Pompeo arrived from Israel on what he said was the first official non-stop flight between the two countries, as the United States looks to strengthen Sudan-Israel ties.
He met Hamdok and ruling council head Gen. Abdel Fattah al-Burhan, tweeting that Sudan’s democratic transition was a “once in a generation opportunity”. He discussed the Sudan-Israel relationship with both Hamdok and Burhan, according to State Department statements.
The United States has been restoring relations with Sudan following the ousting of former Islamist leader Omar al-Bashir in 2019 after mass protests.
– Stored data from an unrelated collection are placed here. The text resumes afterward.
section \<open>Sums over permutations of statistics depending only on relative order\<close>

definition order_invariant :: "(nat list \<Rightarrow> 'b) \<Rightarrow> bool" where
  "order_invariant w \<longleftrightarrow> (\<forall>f s. strict_mono_on (set s) f \<longrightarrow> w (map f s) = w s)"

lemma order_invariant_mult:
  "order_invariant v \<Longrightarrow> order_invariant w \<Longrightarrow> order_invariant (\<lambda>s. v s * w s)"
  by (simp add: order_invariant_def)

lemma order_invariant_power: "order_invariant w \<Longrightarrow> order_invariant (\<lambda>s. c ^ w s)"
  by (simp add: order_invariant_def)

lemma order_invariant_double_ascents:
  assumes "L \<in> {Minf, Pinf}" and "R \<in> {Minf, Pinf}"
  shows "order_invariant (double_ascents L R)"
  unfolding order_invariant_def
proof (intro allI impI)
  fix f :: "nat \<Rightarrow> nat" and s assume "strict_mono_on (set s) f"
  then show "double_ascents L R (map f s) = double_ascents L R s"
    using double_ascents_map[of "set s" f s L R] assms by auto
qed

lemma order_invariant_LRmin: "order_invariant LRmin"
  unfolding order_invariant_def
proof (intro allI impI)
  fix f :: "nat \<Rightarrow> nat" and s :: "nat list" assume mono: "strict_mono_on (set s) f"
  have "f (s ! j) > f (s ! i) \<longleftrightarrow> s ! j > s ! i" if "i < length s" "j < length s" for i j
    using strict_mono_on_less[OF mono] that by simp
  then show "LRmin (map f s) = LRmin s"
    unfolding LRmin_def by (intro arg_cong[where f = card]) auto
qed

lemma order_invariant_RLmin: "order_invariant RLmin"
  unfolding order_invariant_def RLmin_eq_LRmin_rev
proof (intro allI impI)
  fix f :: "nat \<Rightarrow> nat" and s :: "nat list" assume "strict_mono_on (set s) f"
  then show "LRmin (rev (map f s)) = LRmin (rev s)"
    using order_invariant_LRmin by (simp add: order_invariant_def rev_map)
qed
The country is one year into a 39-month political transition in which the military and civilians are sharing power.
Its economy is in crisis and authorities have been pushing to end the U.S. terrorism listing, which prevents Sudan from accessing financing from international lenders.
Sudan’s removal from the list “remains a critical bilateral priority for both countries”, the State Department said.
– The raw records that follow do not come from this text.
lemma parity_constant_on_sum_shift:
  assumes "parity_constant_on h {p<..q}" "even s" "y + s \<le> q"
  shows "sum h {s + p<..s + y} = sum h {p<..y}"
proof -
  have "sum h {s + p<..s + y} = (\<Sum>i\<in>{p<..y}. h (s + i))"
    using sum.reindex[of "(+) s" "{p<..y}" h] by simp
  also have "\<dots> = sum h {p<..y}"
  proof (rule sum.cong)
    fix i
    assume "i \<in> {p<..y}"
    then have "s + i \<in> {p<..q}" "i \<in> {p<..q}" "even (s + i) = even i"
      using assms(2,3) by auto
    then show "h (s + i) = h i"
      by (rule parity_constant_onD[OF assms(1)])
  qed simp
  finally show ?thesis .
qed

text \<open>An interval of length \<open>\<ell>\<close> at the start of a parity-constant stretch has at most
  a \<open>1/L\<close> fraction of the mass of the following \<open>2 L \<ell>\<close> points, which contain \<open>L\<close> disjoint
  translates of it by even amounts.\<close>
lemma parity_constant_on_sum_le:
  fixes h :: "nat \<Rightarrow> real"
  assumes h: "parity_constant_on h {p<..q}" and h0: "\<And>i. 0 \<le> h i"
    and y: "p \<le> y" "y + 2 * L * (y - p) \<le> q"
  shows "real L * sum h {p<..y} \<le> sum h {y<..q}"
proof -
  define len where "len = y - p"
  have "real j * sum h {p<..y} \<le> sum h {y<..y + 2 * len * j}" if "j \<le> L" for j
    using that
  proof (induction j)
    case 0
    then show ?case by simp
  next
    case (Suc j)
    let ?copy = "{2 * len * Suc j + p<..2 * len * Suc j + y}"
    have "2 * len * Suc j \<le> 2 * len * L"
      using Suc.prems by (rule mult_le_mono2)
    then have "y + 2 * len * Suc j \<le> q"
      using y(2) unfolding len_def by (simp add: mult.commute mult.left_commute)
    then have "sum h ?copy = sum h {p<..y}"
      by (intro parity_constant_on_sum_shift[OF h]) (auto simp: add.commute)
    moreover have "?copy \<subseteq> {y + 2 * len * j<..y + 2 * len * Suc j}"
      using y(1) unfolding len_def by auto
    then have "sum h ?copy \<le> sum h {y + 2 * len * j<..y + 2 * len * Suc j}"
      by (intro sum_mono2) (auto simp: h0)
    moreover have "sum h {y<..y + 2 * len * j} + sum h {y + 2 * len * j<..y + 2 * len * Suc j}
        = sum h {y<..y + 2 * len * Suc j}"
      by (intro sum_greaterThanAtMost_concat) auto
    ultimately show ?case
      using Suc by (simp add: algebra_simps)
  qed
  from this[of L] have "real L * sum h {p<..y} \<le> sum h {y<..y + 2 * len * L}"
    by simp
  also have "\<dots> \<le> sum h {y<..q}"
    using y(2) unfolding len_def by (intro sum_mono2) (auto simp: h0 mult.commute mult.left_commute)
  finally show ?thesis .
qed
Pompeo’s visit follows an accord between Israel and the UAE this month to forge full relations, and comes as Israel and the United States push more Arab countries to follow.
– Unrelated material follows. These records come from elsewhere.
lemma integrable_stieltjes_kernel:
  assumes "0 < Im w"
  shows "integrable \<mu> (\<lambda>x. 1 / (complex_of_real x - w))"
  by (rule integrable_bounded_borel[where B = "1 / Im w"])
    (use inverse_cmod_real_minus_le[OF assms] in \<open>auto simp: norm_divide\<close>)

lemma integrable_inv_dist_sq:
  assumes "0 < Im w"
  shows "integrable \<mu> (\<lambda>x. 1 / (cmod (complex_of_real x - w))\<^sup>2)"
  by (rule integrable_bounded_borel[where B = "(1 / Im w)\<^sup>2"])
    (use power_mono[OF inverse_cmod_real_minus_le[OF assms], of _ 2] in \<open>auto simp: power_one_over\<close>)

lemma Im_stieltjes:
  assumes "0 < Im w"
  shows "Im (stieltjes \<mu> w) = Im w * inv_dist_sq_integral \<mu> w"
proof -
  have kernel: "Im (1 / (complex_of_real x - w)) = Im w * (1 / (cmod (complex_of_real x - w))\<^sup>2)" for x
    by (simp add: Im_divide cmod_power2)
  have "Im (stieltjes \<mu> w) = (\<integral>x. Im (1 / (complex_of_real x - w)) \<partial>\<mu>)"
    unfolding stieltjes_def using integrable_stieltjes_kernel[OF assms] by simp
  then show ?thesis
    by (simp only: kernel integral_mult_right_zero inv_dist_sq_integral_def)
qed

lemma stieltjes_diff_sq_le:
  assumes w: "0 < Im w" and v: "0 < Im v"
  shows "(cmod (stieltjes \<mu> w - stieltjes \<mu> v))\<^sup>2
           \<le> (cmod (w - v))\<^sup>2 * (inv_dist_sq_integral \<mu> w * inv_dist_sq_integral \<mu> v)"
proof -
  define a where "a x = 1 / cmod (complex_of_real x - w)" for x
  define b where "b x = 1 / cmod (complex_of_real x - v)" for x
  define P where "P x = 1 / (complex_of_real x - w) * (1 / (complex_of_real x - v))" for x
  have norm_P: "norm (P x) = a x * b x" for x
    by (simp add: P_def a_def b_def norm_mult norm_divide)
  have "a x * b x \<le> 1 / Im w * (1 / Im v)" for x
    using inverse_cmod_real_minus_le[OF w, of x] inverse_cmod_real_minus_le[OF v, of x] w
    by (intro mult_mono) (auto simp: a_def b_def)
  then have bound: "norm (P x) \<le> 1 / Im w * (1 / Im v)" "norm (a x * b x) \<le> 1 / Im w * (1 / Im v)" for x
    by (simp_all add: norm_P a_def b_def)
  have int_ab: "integrable \<mu> (\<lambda>x. a x * b x)"
    by (rule integrable_bounded_borel[OF _ bound(2)]) (simp add: a_def b_def)
  have "stieltjes \<mu> w - stieltjes \<mu> v = (\<integral>x. (w - v) * P x \<partial>\<mu>)"
    unfolding stieltjes_def
    using integrable_stieltjes_kernel[OF w] integrable_stieltjes_kernel[OF v]
      real_minus_nonzero[OF w] real_minus_nonzero[OF v]
    by (simp flip: Bochner_Integration.integral_diff add: P_def field_simps)
  then have "cmod (stieltjes \<mu> w - stieltjes \<mu> v) \<le> cmod (w - v) * (\<integral>x. a x * b x \<partial>\<mu>)"
    using integral_norm_bound[of \<mu> P] by (simp add: norm_mult norm_P mult_left_mono)
  then have "(cmod (stieltjes \<mu> w - stieltjes \<mu> v))\<^sup>2 \<le> (cmod (w - v))\<^sup>2 * (\<integral>x. a x * b x \<partial>\<mu>)\<^sup>2"
    by (simp flip: power_mult_distrib add: power_mono)
  also have "(\<integral>x. a x * b x \<partial>\<mu>)\<^sup>2 \<le> (\<integral>x. a x ^ 2 \<partial>\<mu>) * (\<integral>x. b x ^ 2 \<partial>\<mu>)"
    using int_ab integrable_inv_dist_sq[OF w] integrable_inv_dist_sq[OF v]
    by (intro Cauchy_Schwarz_integral borel_measurable_from_borel)
      (auto simp: a_def b_def power_one_over)
  finally show ?thesis
    by (simp add: inv_dist_sq_integral_def a_def b_def power_one_over mult_left_mono)
qed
In February, Burhan met Israeli Prime Minister Benjamin Netanyahu in Uganda, a meeting condemned by Sudanese protesters. He afterwards cast doubt on any rapid normalisation of relations, though Israeli aircraft soon began overflying Sudan.
Ties with Israel are a sensitive issue in Sudan, which was among the hardline Muslim foes of Israel under Bashir. The government sacked its foreign ministry spokesman last week after he called the UAE decision to normalise relations with Israel “a brave and bold step”.
Hamdok’s transitional government “does not have a mandate ... to decide on normalisation with Israel”, he told Pompeo, and the matter would be decided after all Sudan’s interim bodies had been established, according to government spokesman Faisal Saleh.
“The Prime Minister called on the U.S. administration to separate the process of removing Sudan from the list of states sponsoring terrorism and the issue of normalisation with Israel,” Saleh said.
A legislative body to serve alongside the ruling council and the government is yet to be formed, a step that Pompeo noted was “crucial”.
Washington imposed sanctions on Sudan over its alleged support for militant groups and the civil war in Darfur. Trade sanctions were lifted in 2017.
Pompeo and Hamdok also agreed that reaching a deal over the operation of the Grand Ethiopian Renaissance Dam (GERD) was “crucial to regional stability”, according to the State Department.
Sudan discussed the issue on Tuesday with Ethiopian Prime Minister Abiy Ahmed, who was on a separate visit to Khartoum.